Quindi nulla che vi tocchi?
No, io credo che anche noi abbiamo responsabilità che non dobbiamo e non possiamo negare.
Cosa vi rimproverate?
Negli ultimi anni siamo stati un po’ troppo neutrali sulla partita valoriale. Noi siamo organizzazioni autonome, non indifferenti. Abbiamo considerato compatibile con l’appartenenza sindacale, con la militanza sindacale accostamenti al razzismo e culture populiste che sono quanto di più lontane dalla cultura sindacale e dalla ricerca di giustizia sociale che esprime il sindacato.
Che può accadere al sindacato se non si ferma questa deriva?
Il rischio è quello di assistere al sequestro di quella che veniva chiamata coscienza operaia, che può essere solo solidale.

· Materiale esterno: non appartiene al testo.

lemma odd_vertices_symdiff:
  assumes "finite A" "finite B"
  shows "odd_vertices V (A \<triangle> B) = odd_vertices V A \<triangle> odd_vertices V B"
proof -
  have "degree (A \<triangle> B) v + 2 * degree (A \<inter> B) v = degree A v + degree B v" for v
  proof -
    have "{e \<in> A \<triangle> B. v \<in> e} = {e \<in> A. v \<in> e} \<triangle> {e \<in> B. v \<in> e}"
      "{e \<in> A \<inter> B. v \<in> e} = {e \<in> A. v \<in> e} \<inter> {e \<in> B. v \<in> e}" by auto
    then show ?thesis unfolding degree_def by (simp add: card_symdiff assms)
  qed
  then have "odd (degree (A \<triangle> B) v) \<longleftrightarrow> odd (degree A v) \<noteq> odd (degree B v)" for v
    by (metis even_add even_mult_iff even_numeral)
  then show ?thesis unfolding odd_vertices_def by auto
qed

lemma odd_vertices_edge:
  assumes "graph V E" "{x, y} \<in> E"
  shows "odd_vertices V {{x, y}} = {x, y}"
proof -
  have "x \<in> V" "y \<in> V" using assms unfolding graph_def by (metis doubleton_eq_iff)+
  moreover have "degree {{x, y}} v = (if v \<in> {x, y} then 1 else 0)" for v
  proof -
    have "{e \<in> {{x, y}}. v \<in> e} = (if v \<in> {x, y} then {{x, y}} else {})" by auto
    then show ?thesis unfolding degree_def by simp
  qed
  ultimately show ?thesis unfolding odd_vertices_def by auto
qed

lemma degree_off_cycle:
  assumes "v \<notin> set vs" "D \<subseteq> cycle_edges vs"
  shows "degree D v = 0"
proof -
  have "{e \<in> D. v \<in> e} = {}"
    using assms cycle_edge_subset unfolding cycle_edges_eq_image by blast
  then show ?thesis unfolding degree_def by (simp only: card.empty)
qed

lemma degree_cycle_edges_nth:
  assumes "distinct vs" "length vs \<ge> 3" "j < length vs"
  shows "degree (cycle_edges vs) (vs ! j) = 2"
proof -
  obtain p where p: "p < length vs" "Suc p mod length vs = j" "p \<noteq> j"
    using cycle_predecessor assms(2,3) by metis
  then have "cycle_edge vs j \<noteq> cycle_edge vs p" using cycle_edge_inj assms by metis
  then show ?thesis unfolding degree_def using cycle_edges_at_nth[OF assms(1,3) p(1,2)] by simp
qed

Il messaggio sindacale, mettere assieme le persone per risolvere i problemi, è quanto di più antitetico e antagonista ci possa essere alla politica populista.
Lei parla di un profondo rinnovamento del sindacato. Ma gli attuali vertici saranno in grado di effettuare questa riconversione?
Se saranno capaci lo sapremo. Io conto di contribuire a questa logica rinnovatrice. Vale sempre la regola delle tre R: perché la nuova politica dovrà essere radicale, rifondativa e rigenerativa. Radicale perché scelte di manutenzione ordinaria non hanno più alcun senso, rifondativa perché va ricostruito il rapporto con i lavoratori, rigenerativa perché i sindacati devono tornare a essere luoghi aperti a più culture, con identità aperte, non luoghi dove si chiudono gruppi dirigenti che si abbracciano tra di loro cercando il consenso al di fuori delle loro organizzazioni.
L’ultimo accordo tra Confindustria e Cgil, Cisl e Uil non ha espresso contenuti particolarmente rigenerativi.
E’ un accordo che comunque ha messo assieme Confindustria e le tre confederazioni sindacali. Due anni fa nessuno avrebbe scommesso che si sarebbe riusciti a firmare anche solo un titolo.
Secondo lei ha un suo valore?
Rappresenta un passo in avanti, ma la partita vera si giocherà nella fase successiva, quando si dovrà gestire l’accordo, specie quando si dovranno rinnovare i contratti nazionali di lavoro. Le relazioni industriali dovranno essere rivisitate, dovranno saper anticipare il cambiamento, la progettazione sociale.
Quindi la svolta potrebbe venire dalla prossima stagione contrattuale?
Deve venire dai nuovi contratti. Noi metalmeccanici abbiamo firmato un accordo molto innovativo, basti pensare al diritto soggettivo alla formazione o al contratto visto come un grande contenitore di welfare. Ma falliremo il nostri obiettivo se non riusciremo a fare un contratto molto diverso dall’ultimo. Quando tutto cambia attorno a noli è necessario fare cose nuove. O si rischia di fare un contratto buono solo per chi lo sottoscrive e questo segnerebbe il declino delle relazioni industriali. Noi non lo consentiremo.
Possiamo escludere che il declino delle relazioni industriali sia dietro l’angolo?
Non lo possiamo escludere. La partita della rappresentanza è sempre aperta. Conterà cosa sapremo fare, cosa metteremo in campo. Conterà la capacità di abbandonare le abitudini routinarie e scoprire cosa serve davvero oggi. Il mondo del lavoro, le fabbriche stanno cambiando sotto i nostri piedi. O ci muoviamo in fretta o rischiamo di perdere il treno.